Obviously I wasn’t party to the conversations that led to this decision and can only speculate. But for what it’s worth, my speculation goes a bit like this:

So, unlike the LM which provides ten principles to which all adopters should adhere, DORA makes different demands of different stakeholders. So research institutions get off pretty lightly with just two requirements: i) don’t use journals as proxies for the quality of papers, and ii) be transparent about your reward criteria. Publishers and metrics suppliers, however, are subject to longer lists (see box) and of course, Elsevier are both.  And it is within these lists of requirements that I think we find our answers.

This image has an empty alt attribute; its file name is image.png
Box: Excerpt from DORA Principles
  1. Positioning CiteScore as the JIF’s responsible twin.

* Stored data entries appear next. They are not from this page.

lemma AE_RN_deriv_pos_finite:
  assumes \<rho>: "sigma_finite_measure \<rho>" and "sigma_finite_measure \<pi>"
    and ac: "absolutely_continuous \<rho> \<pi>" and sets: "sets \<pi> = sets \<rho>"
  shows "AE z in \<pi>. 0 < RN_deriv \<rho> \<pi> z \<and> RN_deriv \<rho> \<pi> z \<noteq> \<infinity>"
proof -
  have "AE z in \<rho>. RN_deriv \<rho> \<pi> z \<noteq> \<infinity>"
    by (rule sigma_finite_measure.RN_deriv_finite[OF assms])
  then have "AE z in density \<rho> (RN_deriv \<rho> \<pi>). 0 < RN_deriv \<rho> \<pi> z \<and> RN_deriv \<rho> \<pi> z \<noteq> \<infinity>"
    by (auto simp: AE_density elim: eventually_mono)
  then show ?thesis
    by (simp only: sigma_finite_measure.density_RN_deriv[OF \<rho> ac sets])
qed

lemma
  assumes \<rho>: "sigma_finite_measure \<rho>" and \<pi>: "prob_space \<pi>"
    and ac: "absolutely_continuous \<rho> \<pi>" and sets: "sets \<pi> = sets \<rho>"
    and [measurable]: "g \<in> borel_measurable \<rho>" and g_nonneg: "\<And>z. 0 \<le> g z"
    and mass: "(\<integral>\<^sup>+ z. ennreal (g z) \<partial>\<rho>) \<le> 1"
  shows integrable_div_RN_deriv: "integrable \<pi> (\<lambda>z. g z / enn2real (RN_deriv \<rho> \<pi> z))"
    and integral_div_RN_deriv_le: "(\<integral>z. g z / enn2real (RN_deriv \<rho> \<pi> z) \<partial>\<pi>) \<le> 1"
proof -
  let ?q = "\<lambda>z. g z / enn2real (RN_deriv \<rho> \<pi> z)"
  have q_meas: "?q \<in> borel_measurable \<pi>"
    by (simp add: measurable_cong_sets[OF sets refl])
  have q_nonneg: "0 \<le> ?q z" for z
    using g_nonneg[of z] by simp
  have q_mass: "(\<integral>\<^sup>+ z. ennreal (?q z) \<partial>\<pi>) \<le> 1"
    using nn_integral_div_RN_deriv_le[OF \<rho> ac sets, of g] g_nonneg mass by (auto intro: order_trans)
  show "integrable \<pi> ?q"
    by (rule integrableI_nonneg[OF q_meas]) (use q_nonneg q_mass in \<open>auto intro: le_less_trans\<close>)
  show "(\<integral>z. ?q z \<partial>\<pi>) \<le> 1"
    using integral_eq_nn_integral[OF q_meas] q_nonneg q_mass by (simp add: enn2real_leI)
qed

text \<open>For \<open>q = g / (d\<pi>/d\<rho>)\<close> one has \<open>ln q \<le> q - 1\<close> and \<open>\<integral> q d\<pi> \<le> \<integral> g d\<rho> \<le> 1\<close>.\<close>

lemma KLdiv_ge_integral_ln:
  assumes \<rho>: "sigma_finite_measure \<rho>" and \<pi>: "prob_space \<pi>" and sets: "sets \<pi> = sets \<rho>"
    and g_meas [measurable]: "g \<in> borel_measurable \<rho>" and g_pos: "\<And>z. 0 < g z"
    and mass: "(\<integral>\<^sup>+ z. ennreal (g z) \<partial>\<rho>) \<le> 1"
    and int: "integrable \<pi> (\<lambda>z. ln (g z))"
  shows "ereal (\<integral>z. ln (g z) \<partial>\<pi>) \<le> KLdiv \<pi> \<rho>"
proof (cases "absolutely_continuous \<rho> \<pi>")
  case False
  then show ?thesis
    by (simp add: KLdiv_def)
next
  case ac: True
  interpret \<pi>: prob_space \<pi> by fact
  let ?f = "RN_deriv \<rho> \<pi>"
  define q where "q z = g z / enn2real (?f z)" for z
  have g_nonneg: "0 \<le> g z" for z
    using g_pos[of z] by simp
  have q_int: "integrable \<pi> q" and q_le_1: "(\<integral>z. q z \<partial>\<pi>) \<le> 1"
    unfolding q_def
    using integrable_div_RN_deriv[OF \<rho> \<pi> ac sets g_meas g_nonneg mass]
      integral_div_RN_deriv_le[OF \<rho> \<pi> ac sets g_meas g_nonneg mass] .
  have "AE z in \<pi>. ln (g z) + 1 - q z \<le> ln (enn2real (?f z))"
    using AE_RN_deriv_pos_finite[OF \<rho> \<pi>.sigma_finite_measure ac sets]
  proof eventually_elim
    case (elim z)
    then have "0 < enn2real (?f z)"
      by (cases "?f z") auto
    then have "ln (q z) = ln (g z) - ln (enn2real (?f z))" and "0 < q z"
      using g_pos[of z] by (simp_all add: q_def ln_div)
    with ln_le_minus_one[OF \<open>0 < q z\<close>] show ?case
      by simp
  qed
  then have "ereal (\<integral>z. ln (g z) + 1 - q z \<partial>\<pi>) \<le> KLdiv \<pi> \<rho>"
    using ac by (auto simp: KLdiv_def measurable_cong_sets[OF sets refl] intro!: integral_le_eint_AE int q_int)
  moreover have "(\<integral>z. ln (g z) + 1 - q z \<partial>\<pi>) = (\<integral>z. ln (g z) \<partial>\<pi>) + 1 - (\<integral>z. q z \<partial>\<pi>)"
    using int q_int by (simp add: \<pi>.prob_space)
  ultimately show ?thesis
    using q_le_1 by (simp add: order_trans[rotated])
qed

section \<open>The dual functional\<close>

lemma Dual_cong_AE:
  assumes "pair_sigma_finite \<mu> \<nu>"
    and [measurable]: "\<phi> \<in> borel_measurable \<mu>" "\<phi>' \<in> borel_measurable \<mu>"
      "\<psi> \<in> borel_measurable \<nu>" "\<psi>' \<in> borel_measurable \<nu>"
    and \<phi>_ae: "AE x in \<mu>. \<phi> x = \<phi>' x" and \<psi>_ae: "AE y in \<nu>. \<psi> y = \<psi>' y"
  shows "Dual \<epsilon> c \<mu> \<nu> \<phi> \<psi> = Dual \<epsilon> c \<mu> \<nu> \<phi>' \<psi>'"
proof -
  interpret pair_sigma_finite \<mu> \<nu> by fact
  have "AE x in \<mu>. AE y in \<nu>. \<phi> x = \<phi>' x \<and> \<psi> y = \<psi>' y"
    using \<phi>_ae by eventually_elim (use \<psi>_ae in \<open>auto elim: eventually_mono\<close>)
  then have "AE z in \<mu> \<Otimes>\<^sub>M \<nu>. \<phi> (fst z) = \<phi>' (fst z) \<and> \<psi> (snd z) = \<psi>' (snd z)"
    by (intro AE_pair_measure) simp_all
  then have "(\<integral>\<^sup>+ z. exp_eps \<epsilon> (\<phi> (fst z) + \<psi> (snd z) - ereal (c (fst z) (snd z))) \<partial>(\<mu> \<Otimes>\<^sub>M \<nu>))
      = (\<integral>\<^sup>+ z. exp_eps \<epsilon> (\<phi>' (fst z) + \<psi>' (snd z) - ereal (c (fst z) (snd z))) \<partial>(\<mu> \<Otimes>\<^sub>M \<nu>))"
    by (intro nn_integral_cong_AE) (auto elim: eventually_mono)
  then show ?thesis
    by (simp add: Dual_def eint_cong_AE[OF \<phi>_ae] eint_cong_AE[OF \<psi>_ae])
qed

Firstly, DORA demands that publishers ‘greatly reduce emphasis on JIF as a promotional tool’. However, Elsevier have invested heavily in CiteScore (their alternative to the JIF) and are not likely to want to reduce emphasis on it. Indeed the press release announcing their endorsement of the LM provided as an example, the way they’d recently tweaked the calculation of CiteScore to ensure it met some of the LM principles, positioning it as a ‘responsible metric’ if you will. This is something they’d struggle to get away with under DORA.

  1. Open citations? Over my dead body

One of the less well-discussed requirements of DORA for publishers is to “remove all reuse limitations on reference lists in research articles and make them available under the Creative Commons Public Domain Dedication.” In other words, DORA expects publishers to engage with open citations. This is something Elsevier have infamously failed to do.

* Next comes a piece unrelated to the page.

(* Let $\mathbf{X}=[\mathbf{x}_1,\ldots,\mathbf{x}_n]\in\mathbb{R}^{d\times n}$ have nonzero columns, let $m$ be an integer with $2\le m<d$, and let $0<\alpha<1$. Let the random sampling matrices $\mathbf{S}_i$ and the estimator $\mathbf{C}_e=\widehat{\mathbf{C}}_1-\widehat{\mathbf{C}}_2$ be constructed by the DACE procedure described in the context, i.e. $m$ entries are sampled from each $\mathbf{x}_i$ with replacement according to the probabilities $p_{ki}=\alpha\frac{|x_{ki}|}{\|\mathbf{x}_i\|_1}+(1-\alpha)\frac{x_{ki}^2}{\|\mathbf{x}_i\|_2^2}$. Then $\mathbf{C}_e$ is an unbiased estimator of $\mathbf{C}=\frac{1}{n}\sum_{i=1}^n\mathbf{x}_i\mathbf{x}_i^T=\frac1n\mathbf{X}\mathbf{X}^T$, i.e. $\mathbb{E}[\mathbf{C}_e]=\mathbf{C}$.
   Context: DACE construction. Given $\mathbf{X}=[\mathbf{x}_1,\ldots,\mathbf{x}_n]\in\mathbb{R}^{d\times n}$ with $\mathbf{x}_i=(x_{1i},\ldots,x_{di})^T$, an integer $m$ with $2\le m<d$ and $\alpha\in(0,1)$, set for $k\in[d]=\{1,\dots,d\}$ and $i\in[n]$: $p_{ki}=\alpha\frac{|x_{ki}|}{\|\mathbf{x}_i\|_1}+(1-\alpha)\frac{x_{ki}^2}{\|\mathbf{x}_i\|_2^2}$ (a probability distribution on $[d]$ for each $i$). For every $i$ and $j\in[m]$, draw indices $t_{ji}\in[d]$ independently (over all $i,j$) with $\mathbb{P}(t_{ji}=k)=p_{ki}$. Let $\mathbf{e}_1,\ldots,\mathbf{e}_d$ be the standard basis of $\mathbb{R}^d$ and let $\mathbf{S}_i\in\mathbb{R}^{d\times m}$ be the matrix whose $j$-th column is $\mathbf{e}_{t_{ji}}/\sqrt{m\,p_{t_{ji}i}}$. For a square matrix $\mathbf{A}$, $\mathbb{D}(\mathbf{A})$ is the diagonal matrix with the same main diagonal as $\mathbf{A}$; for a vector $\mathbf{b}$, $\mathbb{D}(\mathbf{b})$ is the diagonal matrix with $\mathbf{b}$ on its diagonal. Let $b_{ki}=\frac{1}{1+(m-1)p_{ki}}$ and $\mathbf{b}_i=(b_{1i},\ldots,b_{di})^T$. Define $\widehat{\mathbf{C}}_1=\frac{m}{nm-n}\sum_{i=1}^n\mathbf{S}_i\mathbf{S}_i^T\mathbf{x}_i\mathbf{x}_i^T\mathbf{S}_i\mathbf{S}_i^T$, $\widehat{\mathbf{C}}_2=\frac{m}{nm-n}\sum_{i=1}^n\mathbb{D}(\mathbf{S}_i\mathbf{S}_i^T\mathbf{x}_i\mathbf{x}_i^T\mathbf{S}_i\mathbf{S}_i^T)\mathbb{D}(\mathbf{b}_i)$, and $\mathbf{C}_e=\widehat{\mathbf{C}}_1-\widehat{\mathbf{C}}_2$. *)

theory Defs
  imports Complex_Main "HOL-Library.FuncSet"
begin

  1. Open data? You’ll have to catch me first

And finally, DORA expects metric suppliers to not only “be open and transparent by providing data and methods used to calculate all metrics” (which they partly do for subscribers) but to “Provide the data under a licence that allows unrestricted reuse, and provide computational access to data, where possible” (which they don’t).

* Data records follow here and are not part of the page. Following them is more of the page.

lemma countable_nonzero_measure_disjoint_family:
  assumes disj: "disjoint_family_on E I" and sets: "\<And>t. t \<in> I \<Longrightarrow> E t \<in> sets M"
    and C: "C \<in> sets M" "emeasure M C < \<infinity>"
  shows "countable {t\<in>I. measure M (E t \<inter> C) \<noteq> 0}"
proof (rule summable_countable_real)
  show "(\<lambda>t. measure M (E t \<inter> C)) summable_on I"
  proof (rule nonneg_bdd_above_summable_on)
    show "bdd_above (sum (\<lambda>t. measure M (E t \<inter> C)) ` {F. F \<subseteq> I \<and> finite F})"
    proof (rule bdd_aboveI2)
      fix F assume F: "F \<in> {F. F \<subseteq> I \<and> finite F}"
      have fin: "E t \<inter> C \<in> fmeasurable M" if "t \<in> I" for t
        by (rule fmeasurableI2[of C]) (use sets[OF that] C in \<open>auto simp: fmeasurable_def\<close>)
      have "(\<Sum>t\<in>F. measure M (E t \<inter> C)) = measure M (\<Union>t\<in>F. E t \<inter> C)"
        using F fin disj by (intro measure_UNION'[symmetric])
          (auto simp: pairwise_def disjnt_def disjoint_family_on_def)
      also have "\<dots> \<le> measure M C"
        using F fin C by (intro measure_mono_fmeasurable sets.finite_UN) (auto simp: fmeasurable_def)
      finally show "(\<Sum>t\<in>F. measure M (E t \<inter> C)) \<le> measure M C" .
    qed
  qed simp
qed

So whereas DORA is a relatively easy sign for HEIs (only two requirements) for publishers, it’s more tricky than might first appear (five requirements) and for an organisation like Elsevier which also supplies metrics, they have to contend with a further four requirements, which would essentially eat away at their profits. And we all know that they’re only just scraping by, bless them.

The impact of endorsing the Leiden Manifesto

But isn’t it good enough that they’ve endorsed the Leiden Manifesto? After all, it’s a comprehensive set of ten principles for the responsible use of bibliometrics? Well, being a seasoned grumbler about some of the less savoury aspects of Elsevier’s SciVal, I decided to take to the discussion lists to see whether they saw this move as a the beginning or the end of their responsible metrics journey. Was this the start of a huge housekeeping exercise which would sweep away the h-index from researcher profiles? Disinfect the unstable Field-Weighted Citation Index from author rankings? And provide health-warnings around some of the other over-promising and under-delivering indicators?

Apparently not.

There is nothing inherently wrong with the h-index” said Holly Falk-Krzesinski, Elsevier’s Vice-President for Research Intelligence, pointing to three of the Leiden Manifesto’s principles where she felt it passed muster. (Despite on the same day, Elsevier’s Andrew Plume questioning its validity).  And as part of a basket of metrics, she considers the FWCI is a perfectly usable indicator for researchers. (Something Elsevier’s own SciVal Advisors disagree with). And she believes the h-index is “not displayed in any special or prominent way” on Pure Researcher Profiles. Erm…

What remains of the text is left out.